Recently, I got to thinking about past relationships and the assumption that we “carry baggage” into future romances.  I know we’re all a little guilty of this, but it makes sense that the longer you stay single, the more likely you are to pick up a few extra bumps and bruises along the way.  I’ve always thought waiting to “settle down” would have it’s advantages: learning to communicate, understanding what you want out of a relationship, realizing the things you look for in a husband are NOT the same things you look for in a boyfriend… and hopefully, experience and knowledge that only comes from navigating the world as a single Belle.

However, if we’re being honest… not all the experience and knowledge we gain makes us stronger OR better the next time around.  Sometimes the price is more than we’d choose to pay for the ride, sometimes we end up making the next person pay the difference, and sometimes we end up paying the price for a fellow Belle’s wrongdoings.  I’m not sure baggage can be avoided entirely because while our experiences don’t make us who we are, they do shape the way we view the world around us.
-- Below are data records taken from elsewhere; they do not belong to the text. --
(* Let $G$ be a finite group, let $\alpha$ be an automorphism of $G$, and let $r>1$ and $s>1$ be coprime integers. For $x\in G$ and a positive integer $d$ put $N_d(x)=x\,\alpha(x)\,\alpha^2(x)\cdots\alpha^{d-1}(x)$. For a positive integer $m$ and $u,v\in G$, write $u\approx_m v$ if there is $z\in G$ with $v=z^{-1}u\,\alpha^m(z)$. Suppose $x,y\in G$ satisfy $N_r(x)\approx_r N_r(y)$ and $N_s(x)\approx_s N_s(y)$, but $N_d(x)\not\approx_d N_d(y)$ for every proper divisor $d$ of $r$ and every proper divisor $d$ of $s$. Then $|G|$ is divisible by $rs$ and $|G|\neq rs$. Furthermore, if $rs\equiv 2\pmod 4$, then $|G|$ is divisible by $2rs$.
   Context: A proper divisor of a positive integer $n$ is a positive divisor of $n$ strictly less than $n$ (so $1$ is a proper divisor of every $n>1$). The relation $\approx_m$ is the equivalence relation describing cohomologous cocycles in $H^1(\hat{\mathbb{Z}},G)$ when $1\in\hat{\mathbb{Z}}$ acts on $G$ via $\alpha^m$, cocycles being identified with their value at $1$. *)

theory Defs
  imports "HOL-Algebra.Algebra"
begin

fun twisted_norm :: "('g, 'b) monoid_scheme \<Rightarrow> ('g \<Rightarrow> 'g) \<Rightarrow> nat \<Rightarrow> 'g \<Rightarrow> 'g" where
  "twisted_norm G \<alpha> 0 x = \<one>\<^bsub>G\<^esub>"
| "twisted_norm G \<alpha> (Suc d) x = twisted_norm G \<alpha> d x \<otimes>\<^bsub>G\<^esub> (\<alpha> ^^ d) x"
lemma DERIV_phase2: "(phase2 has_real_derivative phase3 t) (at t)"
  unfolding phase2_def[abs_def] phase3_def
  by (auto intro!: derivative_eq_intros DERIV_ramp_rescaled[OF DERIV_ramp2])

lemma continuous_on_phase3: "continuous_on UNIV phase3"
proof -
  have "continuous_on UNIV (\<lambda>t. ramp3 ((t - t1) / 400))"
    by (rule continuous_on_compose2[OF continuous_on_ramp3]) (auto intro!: continuous_intros)
  then show ?thesis
    unfolding phase3_def[abs_def] by (auto intro!: continuous_intros)
qed

lemma DERIV_profile: "(profile has_real_derivative profile1 t) (at t)"
  unfolding profile_def[abs_def] profile1_def
  by (auto intro!: derivative_eq_intros DERIV_phase)

lemma DERIV_profile1: "(profile1 has_real_derivative k^2 * coef t * profile t) (at t)"
  unfolding profile1_def[abs_def] coef_def
  by (auto intro!: derivative_eq_intros DERIV_phase1 DERIV_profile
      simp: profile1_def power2_eq_square algebra_simps)

lemma DERIV_coef: "(coef has_real_derivative coef1 t) (at t)"
  unfolding coef_def[abs_def] coef1_def
  using k_pos by (auto intro!: derivative_eq_intros DERIV_phase1 DERIV_phase2 simp: power2_eq_square)

lemma continuous_on_coef1: "continuous_on UNIV coef1"
  using continuous_on_phase3 continuous_on_if_DERIV[OF DERIV_phase1]
    continuous_on_if_DERIV[OF DERIV_phase2]
  unfolding coef1_def[abs_def] using k_pos by (auto intro!: continuous_intros)

lemma continuous_on_profile2: "continuous_on UNIV (\<lambda>t. k^2 * coef t * profile t)"
  using continuous_on_if_DERIV[OF DERIV_coef] continuous_on_if_DERIV[OF DERIV_profile]
  by (auto intro!: continuous_intros)

lemma b1_less: "b1 < 317/100"
proof (rule ccontr)
  assume "\<not> b1 < 317/100"
  then have "(317/100)^2 \<le> b1^2"
    by (intro power_mono) auto
  then show False
    using b1 by (simp add: power2_eq_square)
qed
(* Assume $0<d<\tfrac12$. For integers $L\ge0$ define $A_L=\int_{L-1}^{L}e^{Z_H(s)}ds$ and $B_L=\int_{L-1}^{L}\int_{L-1}^{L}e^{Z_H(s)}e^{Z_H(t)}ds\,dt$. Then, as $L\to\infty$, $$\mathrm{cov}(A_L,A_0)\sim e\,\gamma_Z(L),\qquad \mathrm{cov}(A_0,B_L)\sim 2e^{3/2}\gamma_Z(L)\int_{-1}^0\int_{-1}^0 e^{\gamma_Z(s-u)}du\,ds,$$ $$\mathrm{cov}(B_0,B_L)\sim 4e^2\gamma_Z(L)\int_{-1}^0\int_{-1}^0\int_{-1}^0\int_{-1}^0 e^{\gamma_Z(s-t)}e^{\gamma_Z(u-v)}\,dv\,du\,dt\,ds.$$
   Context: $H=\tfrac12+d$, $c>0$, $B_H$ is a fractional Brownian motion with Hurst index $H$, and $Z_H(t)=B_H(ct)-B_H(ct-1)$, a stationary Gaussian process with mean $0$, variance $1$ and autocovariance $\gamma_Z(r)=\tfrac12\left[|cr+1|^{2H}-2|cr|^{2H}+|cr-1|^{2H}\right]$. *)

theory Defs
  imports "HOL-Probability.Probability" "HOL-Library.Landau_Symbols"
begin

definition centered_gaussian_process ::
  "'a measure \<Rightarrow> (real \<Rightarrow> 'a \<Rightarrow> real) \<Rightarrow> (real \<Rightarrow> real \<Rightarrow> real) \<Rightarrow> bool" where
  "centered_gaussian_process M X K \<longleftrightarrow>
     prob_space M \<and> (\<forall>t. X t \<in> borel_measurable M) \<and>
     (\<forall>(T::real set) (a::real \<Rightarrow> real). finite T \<longrightarrow>
        (CLINT \<omega>|M. cis (\<Sum>t\<in>T. a t * X t \<omega>))
          = complex_of_real (exp (- (\<Sum>s\<in>T. \<Sum>t\<in>T. a s * a t * K s t) / 2)))"

definition fBm :: "'a measure \<Rightarrow> real \<Rightarrow> (real \<Rightarrow> 'a \<Rightarrow> real) \<Rightarrow> bool" where
  "fBm M H B \<longleftrightarrow>
     centered_gaussian_process M B
       (\<lambda>s t. (\<bar>s\<bar> powr (2*H) + \<bar>t\<bar> powr (2*H) - \<bar>s - t\<bar> powr (2*H)) / 2) \<and>
     (\<lambda>(t, \<omega>). B t \<omega>) \<in> borel_measurable (lborel \<Otimes>\<^sub>M M)"

definition gammaZ :: "real \<Rightarrow> real \<Rightarrow> real \<Rightarrow> real" where
  "gammaZ H c r = (\<bar>c*r + 1\<bar> powr (2*H) - 2 * \<bar>c*r\<bar> powr (2*H) + \<bar>c*r - 1\<bar> powr (2*H)) / 2"

definition cov :: "'a measure \<Rightarrow> ('a \<Rightarrow> real) \<Rightarrow> ('a \<Rightarrow> real) \<Rightarrow> real" where
  "cov M X Y = (LINT \<omega>|M. X \<omega> * Y \<omega>) - (LINT \<omega>|M. X \<omega>) * (LINT \<omega>|M. Y \<omega>)"

end

theory Submission
  imports Defs "HOL-Real_Asymp.Real_Asymp"
begin

text \<open>For a centred Gaussian process \<open>E exp (\<Sum>i. Z (s i)) = exp ((\<Sum>i j. \<gamma> (s i - s j)) / 2)\<close>.
  By Tonelli, every mixed moment of \<open>A L\<close> and \<open>BB L = (A L)\<^sup>2\<close> is therefore an integral over
  unit windows of such an exponential; in particular \<open>E (A L) = exp (1/2)\<close> and
  \<open>E ((A L)\<^sup>2) = e \<kappa>\<close>.  In a moment of two windows \<open>L\<close> apart, the \<open>k = 1, 2, 4\<close> cross terms
  \<open>\<gamma> (s - t)\<close> lie between \<open>d (1 + 2d) (c L \<plusminus> (c + 1)) powr (2d - 1)\<close> (a Taylor estimate of
  the second difference of \<open>\<bar>r\<bar> powr (2H)\<close>); these bounds also squeeze \<open>\<gamma> L\<close> and are
  asymptotically equal.  So each covariance lies between \<open>C (exp (k \<cdot> bound) - 1)\<close> for the two
  bounds, hence is \<open>\<sim> k C \<gamma> L\<close>, with \<open>C = e, exp (3/2) \<kappa>, e\<^sup>2 \<kappa>\<^sup>2\<close>.\<close>

lemma nn_integral_exp_std_normal:
  "(\<integral>\<^sup>+x. ennreal (exp (s * x)) \<partial>std_normal_distribution) = ennreal (exp (s\<^sup>2 / 2))"
proof -
  have "std_normal_density x * exp (s * x) = exp (s\<^sup>2 / 2) * normal_density s 1 x" for x
  proof -
    have "- x\<^sup>2 / 2 + s * x = s\<^sup>2 / 2 + (- (x - s)\<^sup>2 / (2 * 1\<^sup>2))"
      by (simp add: power2_eq_square field_simps)
    then have "exp (- x\<^sup>2 / 2) * exp (s * x) = exp (s\<^sup>2 / 2) * exp (- (x - s)\<^sup>2 / (2 * 1\<^sup>2))"
      by (simp flip: exp_add)
    then show ?thesis
      by (simp add: normal_density_def std_normal_density_def)
  qed
  then have "(\<integral>\<^sup>+x. ennreal (exp (s * x)) \<partial>std_normal_distribution)
      = (\<integral>\<^sup>+x. ennreal (exp (s\<^sup>2 / 2)) * ennreal (normal_density s 1 x) \<partial>lborel)"
    by (simp add: nn_integral_density flip: ennreal_mult)
  also have "\<dots> = ennreal (exp (s\<^sup>2 / 2)) * (\<integral>\<^sup>+x. ennreal (normal_density s 1 x) \<partial>lborel)"
    by (simp add: nn_integral_cmult)
  also have "(\<integral>\<^sup>+x. ennreal (normal_density s 1 x) \<partial>lborel) = 1"
    using prob_space.emeasure_space_1[OF prob_space_normal_density[where \<mu>=s and \<sigma>=1]]
    by (simp add: emeasure_density)
  finally show ?thesis by simp
qed

lemma char_gaussian_linear_form:
  assumes gp: "centered_gaussian_process M X K" and fin: "finite T"
  shows "char (distr M borel (\<lambda>\<omega>. \<Sum>t\<in>T. a t * X t \<omega>)) \<theta>
           = complex_of_real (exp (- (\<theta>\<^sup>2 * (\<Sum>s\<in>T. \<Sum>t\<in>T. a s * a t * K s t)) / 2))"
proof -
  have [measurable]: "X t \<in> borel_measurable M" for t
    using gp unfolding centered_gaussian_process_def by simp
  have "char (distr M borel (\<lambda>\<omega>. \<Sum>t\<in>T. a t * X t \<omega>)) \<theta> = (CLINT \<omega>|M. cis (\<Sum>t\<in>T. (\<theta> * a t) * X t \<omega>))"
    by (simp add: char_def integral_distr cis_conv_exp sum_distrib_left mult_ac)
  also have "\<dots> = complex_of_real (exp (- (\<Sum>s\<in>T. \<Sum>t\<in>T. (\<theta> * a s) * (\<theta> * a t) * K s t) / 2))"
    using gp fin unfolding centered_gaussian_process_def
    by (auto dest!: spec[where x=T] spec[where x="\<lambda>t. \<theta> * a t"])
  also have "(\<Sum>s\<in>T. \<Sum>t\<in>T. (\<theta> * a s) * (\<theta> * a t) * K s t) = \<theta>\<^sup>2 * (\<Sum>s\<in>T. \<Sum>t\<in>T. a s * a t * K s t)"
    by (simp add: sum_distrib_left power2_eq_square mult_ac)
  finally show ?thesis .
qed

lemma distr_gaussian_linear_form:
  fixes a :: "real \<Rightarrow> real"
  assumes gp: "centered_gaussian_process M X K" and fin: "finite T"
  defines "v \<equiv> \<Sum>s\<in>T. \<Sum>t\<in>T. a s * a t * K s t"
  shows "0 \<le> v"
    and "distr M borel (\<lambda>\<omega>. \<Sum>t\<in>T. a t * X t \<omega>) = distr std_normal_distribution borel (\<lambda>x. sqrt v * x)"
proof -
  interpret prob_space M using gp unfolding centered_gaussian_process_def by simp
  have [measurable]: "X t \<in> borel_measurable M" for t
    using gp unfolding centered_gaussian_process_def by simp
  interpret std: real_distribution std_normal_distribution by (rule real_dist_normal_dist)
  have Y: "real_distribution (distr M borel (\<lambda>\<omega>. \<Sum>t\<in>T. a t * X t \<omega>))"
    by (rule real_distribution_distr) simp
  have N: "real_distribution (distr std_normal_distribution borel (\<lambda>x. sqrt v * x))"
    by (rule std.real_distribution_distr) simp
  have "norm (char (distr M borel (\<lambda>\<omega>. \<Sum>t\<in>T. a t * X t \<omega>)) 1) \<le> 1"
    by (rule real_distribution.cmod_char_le_1[OF Y])
  then show v: "0 \<le> v"
    using char_gaussian_linear_form[OF gp fin, of a 1] by (simp add: v_def)
  have "char (distr std_normal_distribution borel (\<lambda>x. sqrt v * x)) \<theta>
      = char std_normal_distribution (\<theta> * sqrt v)" for \<theta>
    unfolding char_def by (simp add: integral_distr mult.assoc)
  then show "distr M borel (\<lambda>\<omega>. \<Sum>t\<in>T. a t * X t \<omega>) = distr std_normal_distribution borel (\<lambda>x. sqrt v * x)"
    using v by (intro Levy_uniqueness[OF Y N])
      (simp add: fun_eq_iff char_gaussian_linear_form[OF gp fin] char_std_normal_distribution
        power_mult_distrib v_def)
qed

lemma nn_integral_exp_gaussian_linear_form:
  assumes gp: "centered_gaussian_process M X K" and fin: "finite T"
  shows "(\<integral>\<^sup>+\<omega>. ennreal (exp (\<Sum>t\<in>T. a t * X t \<omega>)) \<partial>M)
           = ennreal (exp ((\<Sum>s\<in>T. \<Sum>t\<in>T. a s * a t * K s t) / 2))"
proof -
  have [measurable]: "X t \<in> borel_measurable M" for t
    using gp unfolding centered_gaussian_process_def by simp
  have "(\<integral>\<^sup>+\<omega>. ennreal (exp (\<Sum>t\<in>T. a t * X t \<omega>)) \<partial>M)
      = (\<integral>\<^sup>+x. ennreal (exp x) \<partial>distr M borel (\<lambda>\<omega>. \<Sum>t\<in>T. a t * X t \<omega>))"
    by (simp add: nn_integral_distr)
  also have "\<dots> = (\<integral>\<^sup>+x. ennreal (exp (sqrt (\<Sum>s\<in>T. \<Sum>t\<in>T. a s * a t * K s t) * x)) \<partial>std_normal_distribution)"
    unfolding distr_gaussian_linear_form(2)[OF gp fin] by (simp add: nn_integral_distr)
  finally show ?thesis
    using distr_gaussian_linear_form(1)[OF gp fin, of a] by (simp add: nn_integral_exp_std_normal)
qed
Quite frankly, I feel like things have become a little out of focus for me since I started dating again and I’m trying to make sense of it.  Is there a certain amount of time before you should know whether someone is worth taking the proverbial leap with?  Is there a particular point in a courtship when you can allow yourself to be vulnerable again with reasonably low risk?  Or have we not made any progress over the years of studying relationships?  Because while I do want someone in my life, I’m not ready to experience another heartbreak (I know, I know, is anyone ever READY for heartbreak?)   Heartbreak seems to rob me of a certain ability to trust and rely on someone else.  Heartbreak makes me lose perspective, the positive kind anyway.  I’ve finally reached a point in my life where everything is relatively stable and under control.  I’m not sure I’m ready to share that if it’s possible it won’t be appreciated, or worse, discarded the second things aren’t perfect.

When you think about failed relationships like that, we really aren’t gaining “baggage” but rather losing things along the way.  Maybe that is where “building walls” came from… I suppose we’re all just trying to fill in the holes of past relationships the best we can?  However, when we get to where we feel “complete” on our own… don’t we all just want to have someone in our life again?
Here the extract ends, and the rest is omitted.